- Church: Catholic Church
- Diocese: Diocese of Lugano
- In office: 5 June 1986 – 1 March 1995
- Predecessor: Ernesto Togni
- Successor: Giuseppe Torti [it]

Orders
- Ordination: 2 October 1955 by Angelo Giuseppe Jelmini [it]
- Consecration: 29 June 1986 by Henri Schwery

Personal details
- Born: 3 October 1931 Airolo, Switzerland
- Died: 1 March 1995 (aged 63) Lugano, Switzerland

= Eugenio Corecco =

Catholic priest (1931–1995)

Eugenio Corecco (3 October 1931 – 1 March 1995) was a Swiss bishop of the diocese of Lugano. He was a notable 20th-century canonist who wrote about the theology of canon law.

== Biography ==
Son of Peter, born in Bodio and Margaret Beffa of Airolo, he was ordained priest on October 2, 1955, studied in Rome, at the Pontifical Gregorian University to Munich, where he received his PhD in canon law and Fribourg, where in 1969 was appointed professor of canon law.

In 1982, shortly before the publication of the new Code of Canon Law (CIC), exhibited his critical comments to John Paul II, the Pope called him to Rome to be part of a committee that assists him in the examination of the code, prior to its promulgation.

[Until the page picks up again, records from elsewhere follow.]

(* Let $\kappa$ be an infinite cardinal. The set $B=\{(A,\,A\cap C,\,C): A,C\in\mathcal{F}(\kappa),\ A\sim C\}$ is a bounded Boolean sublattice of $S$.
   Context: $\mathcal{F}(\kappa)$ is the Boolean lattice of subsets $X\subseteq\kappa$ that are finite or cofinite. For $A,C\in\mathcal{F}(\kappa)$, $A\sim C$ means that either both $A,C$ are finite or both $\kappa\setminus A,\kappa\setminus C$ are finite. Let $\mu(A,B,C)=(A\cap B)\cup(A\cap C)\cup(B\cap C)$; a triple is balanced if $A\cap B=A\cap C=B\cap C$. $S$ is the set of balanced triples $(A,B,C)\in\mathcal{F}(\kappa)^3$ with $C\setminus\mu(A,B,C)$ finite, ordered componentwise; it is a bounded lattice with componentwise meet, join $(A,B,C)\vee(A',B',C')=(U_1\cup m,U_2\cup m,U_3\cup m)$ where $U_1=A\cup A'$, $U_2=B\cup B'$, $U_3=C\cup C'$, $m=\mu(U_1,U_2,U_3)$, and bounds $(\emptyset,\emptyset,\emptyset)$, $(\kappa,\kappa,\kappa)$. *)

theory Defs
  imports Main
begin

text \<open>The infinite cardinal kappa is modelled by an infinite type 'a (its universe).
  Triples are elements of 'a set \<times> 'a set \<times> 'a set.\<close>

definition FC :: "'a set set" where
  "FC = {X. finite X \<or> finite (- X)}"

definition simeq :: "'a set \<Rightarrow> 'a set \<Rightarrow> bool" where
  "simeq A C \<longleftrightarrow> (finite A \<and> finite C) \<or> (finite (- A) \<and> finite (- C))"

definition med :: "'a set \<Rightarrow> 'a set \<Rightarrow> 'a set \<Rightarrow> 'a set" where
  "med A B C = (A \<inter> B) \<union> (A \<inter> C) \<union> (B \<inter> C)"

definition balanced :: "'a set \<Rightarrow> 'a set \<Rightarrow> 'a set \<Rightarrow> bool" where
  "balanced A B C \<longleftrightarrow> A \<inter> B = A \<inter> C \<and> A \<inter> C = B \<inter> C"

definition Sset :: "('a set \<times> 'a set \<times> 'a set) set" where
  "Sset = {(A, B, C). A \<in> FC \<and> B \<in> FC \<and> C \<in> FC \<and> balanced A B C
                      \<and> finite (C - med A B C)}"

definition meetS :: "'a set \<times> 'a set \<times> 'a set \<Rightarrow> 'a set \<times> 'a set \<times> 'a set \<Rightarrow> 'a set \<times> 'a set \<times> 'a set" where
  "meetS x y = (case x of (A, B, C) \<Rightarrow> case y of (A', B', C') \<Rightarrow>
                  (A \<inter> A', B \<inter> B', C \<inter> C'))"

definition joinS :: "'a set \<times> 'a set \<times> 'a set \<Rightarrow> 'a set \<times> 'a set \<times> 'a set \<Rightarrow> 'a set \<times> 'a set \<times> 'a set" where
  "joinS x y = (case x of (A, B, C) \<Rightarrow> case y of (A', B', C') \<Rightarrow>
                  (let U1 = A \<union> A'; U2 = B \<union> B'; U3 = C \<union> C'; m = med U1 U2 U3
                   in (U1 \<union> m, U2 \<union> m, U3 \<union> m)))"

definition botS :: "'a set \<times> 'a set \<times> 'a set" where
  "botS = ({}, {}, {})"

definition topS :: "'a set \<times> 'a set \<times> 'a set" where
  "topS = (UNIV, UNIV, UNIV)"

definition Bset :: "('a set \<times> 'a set \<times> 'a set) set" where
  "Bset = {(A, A \<inter> C, C) | A C. A \<in> FC \<and> C \<in> FC \<and> simeq A C}"

end

theory Submission
  imports Defs
begin

text \<open>A triple (A, A \<inter> C, C) is balanced with median A \<inter> C, and since A \<sim> C the set
  C - A is finite, so B lies in S. On such triples the join of S is computed
  componentwise, because the median of (A \<union> A', (A \<union> A') \<inter> (C \<union> C'), C \<union> C') is
  already the middle component. Hence B, with the componentwise operations, is
  isomorphic to the Boolean algebra of pairs (A, C) with A \<sim> C, which is closed
  under union, intersection and complement.\<close>

lemma FC_Int: "A \<in> FC \<Longrightarrow> B \<in> FC \<Longrightarrow> A \<inter> B \<in> FC"
  unfolding FC_def by (auto simp: Compl_Int)

lemma FC_Un: "A \<in> FC \<Longrightarrow> B \<in> FC \<Longrightarrow> A \<union> B \<in> FC"
  unfolding FC_def by auto

lemma FC_Compl: "A \<in> FC \<Longrightarrow> - A \<in> FC"
  unfolding FC_def by auto

lemma simeq_Int: "simeq A C \<Longrightarrow> simeq A' C' \<Longrightarrow> simeq (A \<inter> A') (C \<inter> C')"
  unfolding simeq_def by (auto simp: Compl_Int)

lemma simeq_Un: "simeq A C \<Longrightarrow> simeq A' C' \<Longrightarrow> simeq (A \<union> A') (C \<union> C')"
  unfolding simeq_def by auto

lemma simeq_Compl: "simeq A C \<Longrightarrow> simeq (- A) (- C)"
  unfolding simeq_def by auto

lemma simeq_finite_Diff: "simeq A C \<Longrightarrow> finite (C - A)"
  unfolding simeq_def Diff_eq by (metis finite_Int inf_commute)

lemma Bset_iff:
  "x \<in> Bset \<longleftrightarrow> (\<exists>A C. x = (A, A \<inter> C, C) \<and> A \<in> FC \<and> C \<in> FC \<and> simeq A C)"
  unfolding Bset_def by auto

lemma meetS_Bset_triples:
  "meetS (A, A \<inter> C, C) (A', A' \<inter> C', C') = (A \<inter> A', (A \<inter> A') \<inter> (C \<inter> C'), C \<inter> C')"
  unfolding meetS_def by auto

lemma joinS_Bset_triples:
  "joinS (A, A \<inter> C, C) (A', A' \<inter> C', C') = (A \<union> A', (A \<union> A') \<inter> (C \<union> C'), C \<union> C')"
  unfolding joinS_def med_def Let_def by auto

lemma Bset_subset_Sset: "Bset \<subseteq> Sset"
proof
  fix x assume "x \<in> Bset"
  then obtain A C where x: "x = (A, A \<inter> C, C)" "A \<in> FC" "C \<in> FC" "simeq A C"
    by (auto simp: Bset_iff)
  have "med A (A \<inter> C) C = A \<inter> C"
    unfolding med_def by auto
  then have "C - med A (A \<inter> C) C = C - A"
    by auto
  then show "x \<in> Sset"
    using x simeq_finite_Diff[OF x(4)] FC_Int unfolding Sset_def balanced_def by auto
qed

lemma botS_in_Bset: "botS \<in> Bset"
  unfolding Bset_iff botS_def by (auto simp: FC_def simeq_def)

lemma topS_in_Bset: "topS \<in> Bset"
  unfolding Bset_iff topS_def by (rule exI[of _ UNIV], rule exI[of _ UNIV]) (auto simp: FC_def simeq_def)

lemma meetS_in_Bset: "x \<in> Bset \<Longrightarrow> y \<in> Bset \<Longrightarrow> meetS x y \<in> Bset"
  unfolding Bset_iff by (auto simp: meetS_Bset_triples FC_Int simeq_Int)

lemma joinS_in_Bset: "x \<in> Bset \<Longrightarrow> y \<in> Bset \<Longrightarrow> joinS x y \<in> Bset"
  unfolding Bset_iff by (auto simp: joinS_Bset_triples FC_Un simeq_Un)

lemma Bset_meetS_joinS_distrib:
  assumes "x \<in> Bset" "y \<in> Bset" "z \<in> Bset"
  shows "meetS x (joinS y z) = joinS (meetS x y) (meetS x z)"
proof -
  obtain A C A' C' A'' C'' where
    xyz: "x = (A, A \<inter> C, C)" "y = (A', A' \<inter> C', C')" "z = (A'', A'' \<inter> C'', C'')"
    using assms unfolding Bset_iff by blast
  show ?thesis
    unfolding xyz meetS_Bset_triples joinS_Bset_triples by (simp add: Int_Un_distrib Int_ac)
qed

lemma Bset_complement:
  assumes "x \<in> Bset"
  shows "\<exists>y\<in>Bset. meetS x y = botS \<and> joinS x y = topS"
proof -
  obtain A C where x: "x = (A, A \<inter> C, C)" "A \<in> FC" "C \<in> FC" "simeq A C"
    using assms by (auto simp: Bset_iff)
  have "(- A, - A \<inter> - C, - C) \<in> Bset"
    unfolding Bset_iff using x by (blast intro: FC_Compl simeq_Compl)
  moreover have "meetS x (- A, - A \<inter> - C, - C) = botS"
    unfolding x(1) meetS_Bset_triples botS_def by auto
  moreover have "joinS x (- A, - A \<inter> - C, - C) = topS"
    unfolding x(1) joinS_Bset_triples topS_def by auto
  ultimately show ?thesis by blast
qed

theorem lemma5p3:
  fixes Bk :: "('k set \<times> 'k set \<times> 'k set) set"
  assumes "infinite (UNIV :: 'k set)"
    and "Bk = Bset"
  shows "Bk \<subseteq> Sset
    \<and> botS \<in> Bk \<and> topS \<in> Bk
    \<and> (\<forall>x\<in>Bk. \<forall>y\<in>Bk. meetS x y \<in> Bk \<and> joinS x y \<in> Bk)
    \<and> (\<forall>x\<in>Bk. \<forall>y\<in>Bk. \<forall>z\<in>Bk.
          meetS x (joinS y z) = joinS (meetS x y) (meetS x z))
    \<and> (\<forall>x\<in>Bk. \<exists>y\<in>Bk. meetS x y = botS \<and> joinS x y = topS)"
  unfolding assms(2)
  by (intro conjI ballI Bset_subset_Sset botS_in_Bset topS_in_Bset meetS_in_Bset joinS_in_Bset
      Bset_meetS_joinS_distrib Bset_complement)

end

Appointed consultant to the committee on the interpretation of CIC, Eugenio Corecco holds conferences around the world.

Active in the pastoral, from the years 1960–1970 he worked in Switzerland for the spread of the ecclesial movement of Communion and Liberation. The pope John Paul II on June 5, 1986, made him Bishop of Diocese of Lugano and he was consecrated in Lugano Cathedral on June 29 by bishop Henri Schwery, bishop of the Diocese of Sion, with concelebrating bishops Pierre Mamie and Ernesto Togni.

The April 29, 1992, he founded in Lugano the Institute Academic theology which. in the following year, precisely on November 20, 1993, was elevated by the Holy See to the status of a university faculty of theology – Faculty of Theology of Lugano (FTL), giving an opportunity to build in the city of Lugano, USI (University of Italian Switzerland). However, the FTL did not join USI, choosing instead to remain autonomous.

He died on March 1, 1995, as a result of a rare form of cancer, and was buried in the crypt of Church of the Sacred Heart in Lugano.

== Thought ==

===About charity===
"Whatever should be the nature of the industry and its interventions in the social field, Caritas is called, with ever greater urgency, to express in society two specific values of Christianity, whose social significance can not be measured purely rational. The first is the gratuity to the man in trouble, because it was free also the redemption offered to us by Christ. The second is to oversupply, excess is the love of Christ for us. The charity has so far as the needs of others, but the richness of God's love limiting it to look and evaluate it from man's need, because man is more than its needs".

===About canon law===
"...all the laws of the Church and finally appear first of all as an expression of faith of the People of God, and not only of reason abstractly understood." (Eugenio Corecco, Pamplona 1976. In "Siate forti nella fede", AA.VV., p. 347ss.)